Gender Bias in Coreference Resolution: Evaluation and Debiasing Methods
Authors:
- Jieyu Zhao
- Tianlu Wang
- Mark Yatskar
- Vicente Ordonez
- Kai-Wei Chang
Primary Institutions:
- University of California, Los Angeles
- University of Virginia
- Allen Institute for Artificial Intelligence
Abstract Summary:
The paper introduces a novel benchmark, WinoBias, designed to evaluate gender bias in coreference resolution systems. The benchmark consists of Winograd-schema style sentences with gendered pronouns referring to individuals in various occupations. Evaluations of three different coreference systems—rule-based, feature-rich, and neural—reveal a substantial gender bias favoring pro-stereotypical over anti-stereotypical pronoun-entity links, quantified by an average F1 score difference of 21.1. The paper proposes a data augmentation approach combined with existent word-embedding debiasing techniques to mitigate this bias without adversely affecting the systems' performance on standard coreference benchmarks.
Introduction:
Coreference resolution, essential in various NLP applications, identifies mentions referring to the same entity within a text. Existing systems, including rule-based, feature-rich, and neural models, may unintentionally encode and propagate societal stereotypes present in training data. The WinoBias benchmark is constructed to critically evaluate this phenomenon by introducing sentences where pronouns need to be linked to stereotypical or anti-stereotypical gender roles based on U.S. Department of Labor statistics.
Key Contributions:
- WinoBias Benchmark:
- Contains sentences involving 40 different occupations.
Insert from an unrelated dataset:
(* Let $k\in\{1,\dots,n-1\}$, $-\infty<a_i<b_i<\infty$ for $i=1,\dots,n-k$, and $D=\mathbb R^k\times\prod_{i=1}^{n-k}(a_i,b_i)\subseteq\mathbb R^n$. Let $X(D)$, $Y(D)$ be rearrangement-invariant spaces on $D$ such that $W_0^1X(D)$ is continuously embedded in $Y(D)$, and denote by $I$ this canonical embedding. If $Y(D)$ has absolutely continuous norm, then $e_m(I)=\|I\|$ for every $m\in\mathbb N$; that is, $I$ is maximally noncompact ($\beta(I)=\|I\|$).
   Context: Throughout, $n\ge2$. Rearrangement-invariant spaces: let $\mathfrak M^+(D)$ be the nonnegative measurable functions on $D$; a functional $\varrho\colon\mathfrak M^+(D)\to[0,\infty]$ is a rearrangement-invariant Banach function norm if for all $f,g,F_j\in\mathfrak M^+(D)$, $\alpha\ge0$, measurable $E\subseteq D$: (i) $\varrho(f)=0$ iff $f=0$ a.e., $\varrho(\alpha f)=\alpha\varrho(f)$, $\varrho(f+g)\le\varrho(f)+\varrho(g)$; (ii) $0\le g\le f$ a.e. implies $\varrho(g)\le\varrho(f)$; (iii) $0\le F_j\nearrow f$ a.e. implies $\varrho(F_j)\nearrow\varrho(f)$; (iv) $|E|<\infty$ implies $\varrho(\chi_E)<\infty$; (v) if $|E|<\infty$ there is $C_E$ with $\int_E f\le C_E\varrho(f)$; (vi) $\varrho(f)=\varrho(g)$ whenever $f,g$ are equimeasurable. Then $X(D)=\{f\text{ measurable}:\varrho(|f|)<\infty\}$, $\|f\|_{X(D)}=\varrho(|f|)$. $X(D)$ has absolutely continuous norm if for every $f\in X(D)$ and every sequence of measurable $E_k\subseteq D$ with $\chi_{E_k}\to0$ a.e., $\|f\chi_{E_k}\|_{X(D)}\to0$. The Sobolev-type space $W^1X(D)$ is the set of weakly differentiable $u\in X(D)$ with $|\nabla u|\in X(D)$, normed by $\|u\|_{W^1X(D)}=\|u\|_{X(D)}+\||\nabla u|_{\ell^1}\|_{X(D)}$, where $|\nabla u|_{\ell^1}=\sum_{i=1}^n|\partial u/\partial x_i|$; $W_0^1X(D)$ is the closure of $\mathcal C_0^\infty(D)$ in $W^1X(D)$. For a bounded linear $T\colon X\to Y$ between Banach spaces, the $m$-th entropy number is $e_m(T)=\inf\{\varepsilon>0: \exists y_1,\dots,y_{2^{m-1}}\in Y \text{ with } T(B_X)\subseteq\bigcup_{j}(y_j+\varepsilon B_Y)\}$, where $B_X,B_Y$ are closed unit balls; the measure of noncompactness is $\beta(T)=\lim_{m\to\infty}e_m(T)$, and $T$ is maximally noncompact if $\beta(T)=\|T\|$. *)

theory Defs
  imports "HOL-Analysis.Analysis"
begin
- Tests systems' performance on pro-stereotypical vs. anti-stereotypical pronoun resolutions.
- Average differences in F1 score performance indicate significant gender bias.
- Evaluation of Existing Systems:
- Three representative coreference resolution systems evaluated:
- Stanford Deterministic Coreference System
- Berkeley Coreference Resolution System
- UW End-to-End Neural Coreference Resolution System
- All three systems exhibited considerable gender bias, with the rule-based system being the most biased.
- Three representative coreference resolution systems evaluated:
- Debiasing Methods:
- Data augmentation: Gender swapping within the training data to balance gender representation.
- Bias correction in supporting resources like word embeddings and gender-statistics-based list for noun phrases.
- Both approaches proved effective individually and even more so when combined, eliminating bias in WinoBias evaluations without significantly harming overall performance metrics.
Practical and Theoretical Implications:
Practical Implications:
- The procedures proposed for debiasing can be systematically applied to improve the fairness of various NLP models beyond coreference resolution.
- Strategies like gender swapping in data augmentation can serve as blueprints for mitigating bias in underrepresented classes across different datasets.
Theoretical Implications:
- The findings highlight the need to systematically address biases inherent in widely-used NLP datasets and supporting resources.
- The research strengthens theoretical understanding of how biases are encoded and propagated through machine learning models, especially in structured prediction tasks.
Future Developments:
Several speculative areas for future research include:
- Extending bias detection methods to other demographic attributes such as race, age, or social class.
- Developing more sophisticated debiasing algorithms integrating causality and fairness principles within structured prediction tasks.
- Exploring the impact of multilingual and culturally diverse datasets to understand and mitigate biases in a global context.
Overall, the paper offers a rigorous evaluation of gender bias in coreference resolution systems and presents effective debiasing techniques, contributing substantially to the robustness and fairness of NLP applications.